Jack Finsterer (born 1968) is an Australian film and TV actor. He has been acting since the age of 25 and has appeared in some of Australia's best-known TV shows. He is also a film actor who has participated in 43 Television Series and Films from 1993 to 2022.

Finsterer has appeared in several Television and films, including “Janus” (1994~1995), “Blue Heelers” (1996), “Tulip” (1998), “Kokoda“ (2006) and “Dangerous” (2007) . He has also done voice-over work in Short Film “The Hunter” (2011)
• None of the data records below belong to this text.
(* Let $(\Omega(\mathcal{A}),\mathrm{d},\bar{\mathrm{d}})$ be a bidifferential graded algebra and $M,N\ge1$. Let $P$ be an $N\times N$ matrix over $\mathcal{A}$, let $K$ be an $N\times M$ matrix over $\mathcal{A}$ with $\mathrm{d}K=\bar{\mathrm{d}}K=0$, and let $X'$ ($N\times N$) and $Y'$ ($M\times N$) be matrices over $\mathcal{A}$ with $$\bar{\mathrm{d}}X'=(\mathrm{d}X')P,\qquad \bar{\mathrm{d}}Y'=(\mathrm{d}Y')P .$$ (a) Let $R$ ($N\times N$) and $L$ ($M\times M$) be matrices over $\mathcal{A}$ with $\mathrm{d}R=\mathrm{d}L=0$, and suppose $L\,Y'=Y'\,P$ and $R\,X'=X'\,P$. If $X'-KY'$ is invertible, then $\Phi=Y'(X'-KY')^{-1}$ satisfies $\bar{\mathrm{d}}\,\mathrm{d}\,\Phi=(\mathrm{d}\Phi)\,Q\,(\mathrm{d}\Phi)$ with $Q=RK-KL$. (b) Suppose $M=N$, let $L$ be an $N\times N$ matrix over $\mathcal{A}$ with $\mathrm{d}L=0$, and suppose $L\,Y'=Y'\,P$ and $L\,X'+Y'=X'\,P$. If $X'-KY'$ is invertible, then $\Phi=Y'(X'-KY')^{-1}$ satisfies $\bar{\mathrm{d}}\,\mathrm{d}\,\Phi=(\mathrm{d}\Phi)\,Q\,(\mathrm{d}\Phi)$ with $Q=I+[L,K]=I+LK-KL$.
   Context: $\mathcal{A}$ is a unital associative algebra over $\mathbb{C}$ with identity $I$. A bidifferential graded algebra $(\Omega(\mathcal{A}),\mathrm{d},\bar{\mathrm{d}})$ consists of a graded associative algebra $\Omega(\mathcal{A})=\bigoplus_{r\ge 0}\Omega^r(\mathcal{A})$ with $\Omega^0(\mathcal{A})=\mathcal{A}$ (each $\Omega^r(\mathcal{A})$ an $\mathcal{A}$-bimodule) together with two linear maps $\mathrm{d},\bar{\mathrm{d}}:\Omega^r(\mathcal{A})\to\Omega^{r+1}(\mathcal{A})$ satisfying the graded Leibniz rule $\mathrm{d}(\alpha\beta)=(\mathrm{d}\alpha)\beta+(-1)^r\alpha\,\mathrm{d}\beta$ for $\alpha\in\Omega^r(\mathcal{A})$ (and likewise for $\bar{\mathrm{d}}$), and $\mathrm{d}^2=\bar{\mathrm{d}}^2=0$, $\mathrm{d}\bar{\mathrm{d}}+\bar{\mathrm{d}}\mathrm{d}=0$. The maps $\mathrm{d},\bar{\mathrm{d}}$ are applied entrywise to matrices with entries in $\Omega(\mathcal{A})$, and products of such matrices use the matrix product together with the product of $\Omega(\mathcal{A})$. In (b), $I$ denotes the $N\times N$ identity matrix. *)

theory Defs
  imports Complex_Main "Jordan_Normal_Form.Matrix"
begin

text \<open>The degree-0 part Om 0 is
the algebra A.\<close>

definition complex_algebra_sc :: "(complex \<Rightarrow> 'w::ring_1 \<Rightarrow> 'w) \<Rightarrow> bool" where
  "complex_algebra_sc sc \<longleftrightarrow>
     (\<forall>a x y. sc a (x + y) = sc a x + sc a y) \<and>
     (\<forall>a b x. sc (a + b) x = sc a x + sc b x) \<and>
     (\<forall>a b x. sc a (sc b x) = sc (a * b) x) \<and>
     (\<forall>x. sc 1 x = x) \<and>
     (\<forall>a x y. sc a x * y = sc a (x * y)) \<and>
     (\<forall>a x y. x * sc a y = sc a (x * y))"

definition graded_algebra ::
  "(complex \<Rightarrow> 'w::ring_1 \<Rightarrow> 'w) \<Rightarrow> (nat \<Rightarrow> 'w set) \<Rightarrow> bool" where
  "graded_algebra sc Om \<longleftrightarrow>
     complex_algebra_sc sc \<and>
     (\<forall>r. 0 \<in> Om r \<and> (\<forall>x\<in>Om r. \<forall>y\<in>Om r. x + y \<in> Om r) \<and>
          (\<forall>a. \<forall>x\<in>Om r. sc a x \<in> Om r)) \<and>
     (\<forall>r s. \<forall>x\<in>Om r. \<forall>y\<in>Om s. x * y \<in> Om (r + s)) \<and>
     1 \<in> Om 0 \<and>
     (\<forall>w. \<exists>!c :: nat \<Rightarrow> 'w. finite {r. c r \<noteq> 0} \<and> (\<forall>r. c r \<in> Om r) \<and>
            w = (\<Sum>r\<in>{r. c r \<noteq> 0}. c r))"

definition graded_derivation ::
  "(complex \<Rightarrow> 'w::ring_1 \<Rightarrow> 'w) \<Rightarrow> (nat \<Rightarrow> 'w set) \<Rightarrow> ('w \<Rightarrow> 'w) \<Rightarrow> bool" where
  "graded_derivation sc Om d \<longleftrightarrow>
     (\<forall>x y. d (x + y) = d x + d y) \<and>
     (\<forall>a x. d (sc a x) = sc a (d x)) \<and>
     (\<forall>r. \<forall>x\<in>Om r. d x \<in> Om (Suc r)) \<and>
     (\<forall>r. \<forall>x\<in>Om r. \<forall>y. d (x * y) = d x * y + (-1) ^ r * x * d y)"

definition bidiff_graded_algebra ::
  "(complex \<Rightarrow> 'w::ring_1 \<Rightarrow> 'w) \<Rightarrow> (nat \<Rightarrow> 'w set) \<Rightarrow> ('w \<Rightarrow> 'w) \<Rightarrow> ('w \<Rightarrow> 'w) \<Rightarrow> bool" where
  "bidiff_graded_algebra sc Om d db \<longleftrightarrow>
     graded_algebra sc Om \<and> graded_derivation sc Om d \<and> graded_derivation sc Om db \<and>
     (\<forall>x. d (d x) = 0) \<and> (\<forall>x. db (db x) = 0) \<and> (\<forall>x. d (db x) + db (d x) = 0)"

definition mat_over :: "'w set \<Rightarrow> nat \<Rightarrow> nat \<Rightarrow> 'w mat set" where
  "mat_over S m n = {A. A \<in> carrier_mat m n \<and> (\<forall>i<m. \<forall>j<n. A $$ (i, j) \<in> S)}"

end

theory Submission
  imports Defs
begin

(*
  Write Z = X' - K Y' (invertible with inverse B)
  and Phi = Y' B.  The hypotheses db X' = (d X') P, db Y' = (d Y') P and d K = db K = 0 give
  db Z = (d Z) P, and from d(Z B) = 0 one gets d B = - B (d Z) B; together these yield the
  linear flow  db Phi = (d Phi) C  with  C = Z P B.  Applying d and using d^2 = 0 and
  d db = - db d turns this into  db d Phi = (d Phi)(d C).  Finally the algebraic relations
  L Y' = Y' P and X' P = G X' + H Y' (with d-constant G, H, L) give C = G + Q Phi with the
  d-constant matrix Q = G K + H - K L, so d C = Q d Phi, which is the claimed identity
  db d Phi = (d Phi) Q (d Phi).  Part (a) of the corollary is the case G = R, H = 0 and
  part (b) the case G = L, H = I.
*)

text \<open>An additive map of degree +1 obeying the graded Leibniz rule; this is all of a graded
  derivation that the argument uses.\<close>

locale graded_leibniz =
  fixes Om :: "nat \<Rightarrow> 'w::ring_1 set" and d :: "'w \<Rightarrow> 'w"
  assumes d_add: "d (x + y) = d x + d y"
    and d_degree: "x \<in> Om r \<Longrightarrow> d x \<in> Om (Suc r)"
    and d_leibniz: "x \<in> Om r \<Longrightarrow> d (x * y) = d x * y + (-1) ^ r * x * d y"
begin

lemma d_zero: "d 0 = 0"
  using d_add[of 0 0] by simp

lemma d_uminus: "d (- x) = - d x"
  using d_add[of x "- x"] d_zero minus_unique[of "d x" "d (- x)"] by simp

lemma d_diff: "d (x - y) = d x - d y"
  using d_add[of x "- y"] d_uminus by simp

lemma d_sum: "d (sum f S) = (\<Sum>i\<in>S. d (f i))"
  by (induction S rule: infinite_finite_induct) (auto simp: d_zero d_add)

lemma d_one: "1 \<in> Om 0 \<Longrightarrow> d 1 = 0"
  using d_leibniz[of 1 0 1] by simp

lemma mat_d_add:
  "A \<in> carrier_mat n m \<Longrightarrow> B \<in> carrier_mat n m \<Longrightarrow> map_mat d (A + B) = map_mat d A + map_mat d B"
  by (intro eq_matI) (auto simp: d_add)

lemma mat_d_diff:
  "A \<in> carrier_mat n m \<Longrightarrow> B \<in> carrier_mat n m \<Longrightarrow> map_mat d (A - B) = map_mat d A - map_mat d B"
  by (intro eq_matI) (auto simp: d_diff)

lemma mat_d_zero: "map_mat d (0\<^sub>m n m) = 0\<^sub>m n m"
  by (intro eq_matI) (auto simp: d_zero)

lemma mat_d_one: "1 \<in> Om 0 \<Longrightarrow> map_mat d (1\<^sub>m n) = 0\<^sub>m n n"
  by (intro eq_matI) (auto simp: d_zero d_one)

lemma mat_d_degree: "A \<in> mat_over (Om r) n m \<Longrightarrow> map_mat d A \<in> mat_over (Om (Suc r)) n m"
  by (auto simp: mat_over_def d_degree)

lemma mat_leibniz:
  assumes A: "A \<in> mat_over (Om r) n m" and B: "B \<in> carrier_mat m k"
  shows "map_mat d (A * B) = map_mat d A * B + (-1) ^ r \<cdot>\<^sub>m (A * map_mat d B)"
proof (rule eq_matI)
  have Ac: "A \<in> carrier_mat n m" and Aij: "\<And>i l. i < n \<Longrightarrow> l < m \<Longrightarrow> A $$ (i, l) \<in> Om r"
    using A unfolding mat_over_def by auto
  fix i j assume "i < dim_row (map_mat d A * B + (-1) ^ r \<cdot>\<^sub>m (A * map_mat d B))"
    and "j < dim_col (map_mat d A * B + (-1) ^ r \<cdot>\<^sub>m (A * map_mat d B))"
  then have i: "i < n" and j: "j < k" using Ac B by auto
  have "map_mat d (A * B) $$ (i, j) = d (\<Sum>l<m. A $$ (i, l) * B $$ (l, j))"
    using i j Ac B by (simp add: scalar_prod_def atLeast0LessThan)
  also have "\<dots> = (\<Sum>l<m. d (A $$ (i, l)) * B $$ (l, j) + (-1) ^ r * A $$ (i, l) * d (B $$ (l, j)))"
    by (simp add: d_sum d_leibniz[OF Aij[OF i]])
  also have "\<dots> = (map_mat d A * B + (-1) ^ r \<cdot>\<^sub>m (A * map_mat d B)) $$ (i, j)"
    using i j Ac B
    by (simp add: scalar_prod_def atLeast0LessThan sum.distrib sum_distrib_left mult.assoc)
  finally show "map_mat d (A * B) $$ (i, j) = (map_mat d A * B + (-1) ^ r \<cdot>\<^sub>m (A * map_mat d B)) $$ (i, j)" .
qed (use A B in \<open>auto simp: mat_over_def\<close>)

lemma mat_leibniz0:
  assumes A: "A \<in> mat_over (Om 0) n m" and B: "B \<in> carrier_mat m k"
  shows "map_mat d (A * B) = map_mat d A * B + A * map_mat d B"
  unfolding mat_leibniz[OF A B] using A B by (intro eq_matI) (auto simp: mat_over_def)

lemma mat_leibniz1:
  assumes A: "A \<in> mat_over (Om 1) n m" and B: "B \<in> carrier_mat m k"
  shows "map_mat d (A * B) = map_mat d A * B - A * map_mat d B"
  unfolding mat_leibniz[OF A B] using A B by (intro eq_matI) (auto simp: mat_over_def)

lemma mat_d_const_left:
  assumes A: "A \<in> mat_over (Om 0) n m" and dA: "map_mat d A = 0\<^sub>m n m" and B: "B \<in> carrier_mat m k"
  shows "map_mat d (A * B) = A * map_mat d B"
proof -
  have "A * map_mat d B \<in> carrier_mat n k"
    using A B by (auto simp: mat_over_def)
  then show ?thesis
    using mat_leibniz0[OF A B] dA B by simp
qed

lemma mat_d_inverse:
  assumes one: "1 \<in> Om 0" and Z: "Z \<in> mat_over (Om 0) n n" and B: "B \<in> carrier_mat n n"
    and ZB: "Z * B = 1\<^sub>m n" and BZ: "B * Z = 1\<^sub>m n"
  shows "map_mat d B = - (B * (map_mat d Z * B))"
proof -
  have Zc: "Z \<in> carrier_mat n n" using Z by (simp add: mat_over_def)
  have "map_mat d Z * B + Z * map_mat d B = 0\<^sub>m n n"
    using mat_leibniz0[OF Z B] ZB mat_d_one[OF one] by simp
  then have "B * (map_mat d Z * B + Z * map_mat d B) = 0\<^sub>m n n"
    using B by simp
  then have "B * (map_mat d Z * B) + B * (Z * map_mat d B) = 0\<^sub>m n n"
    using B Zc by (subst (asm) mult_add_distrib_mat[of B n n]) auto
  moreover have "B * (Z * map_mat d B) = map_mat d B"
    using B Zc BZ assoc_mult_mat[of B n n Z n "map_mat d B" n] by simp
  ultimately have sum0: "B * (map_mat d Z * B) + map_mat d B = 0\<^sub>m n n"
    by simp
  show ?thesis
  proof (rule eq_matI)
    fix i j assume "i < dim_row (- (B * (map_mat d Z * B)))" "j < dim_col (- (B * (map_mat d Z * B)))"
    then have ij: "i < n" "j < n" using B by auto
    from arg_cong[OF sum0, of "\<lambda>A. A $$ (i, j)"]
    have "(B * (map_mat d Z * B)) $$ (i, j) + map_mat d B $$ (i, j) = 0"
      using ij B Zc by simp
    then show "map_mat d B $$ (i, j) = (- (B * (map_mat d Z * B))) $$ (i, j)"
      using ij B Zc by (simp add: minus_unique)
  qed (use B in auto)
qed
He is best known as a leading actor in the Australian historical film “Kokoda“ (2006)

Background
Jack (John) Finsterer was born in Australia in 1968.

Finsterer grew up in Dickson, Canberra, where he attended Daramalan College, before going on to study drama at the Victorian College of Arts in Melbourne.

Film and Television 
Finsterer's debut was on film "Gross misconduct" in 1993 and his role was a policeman.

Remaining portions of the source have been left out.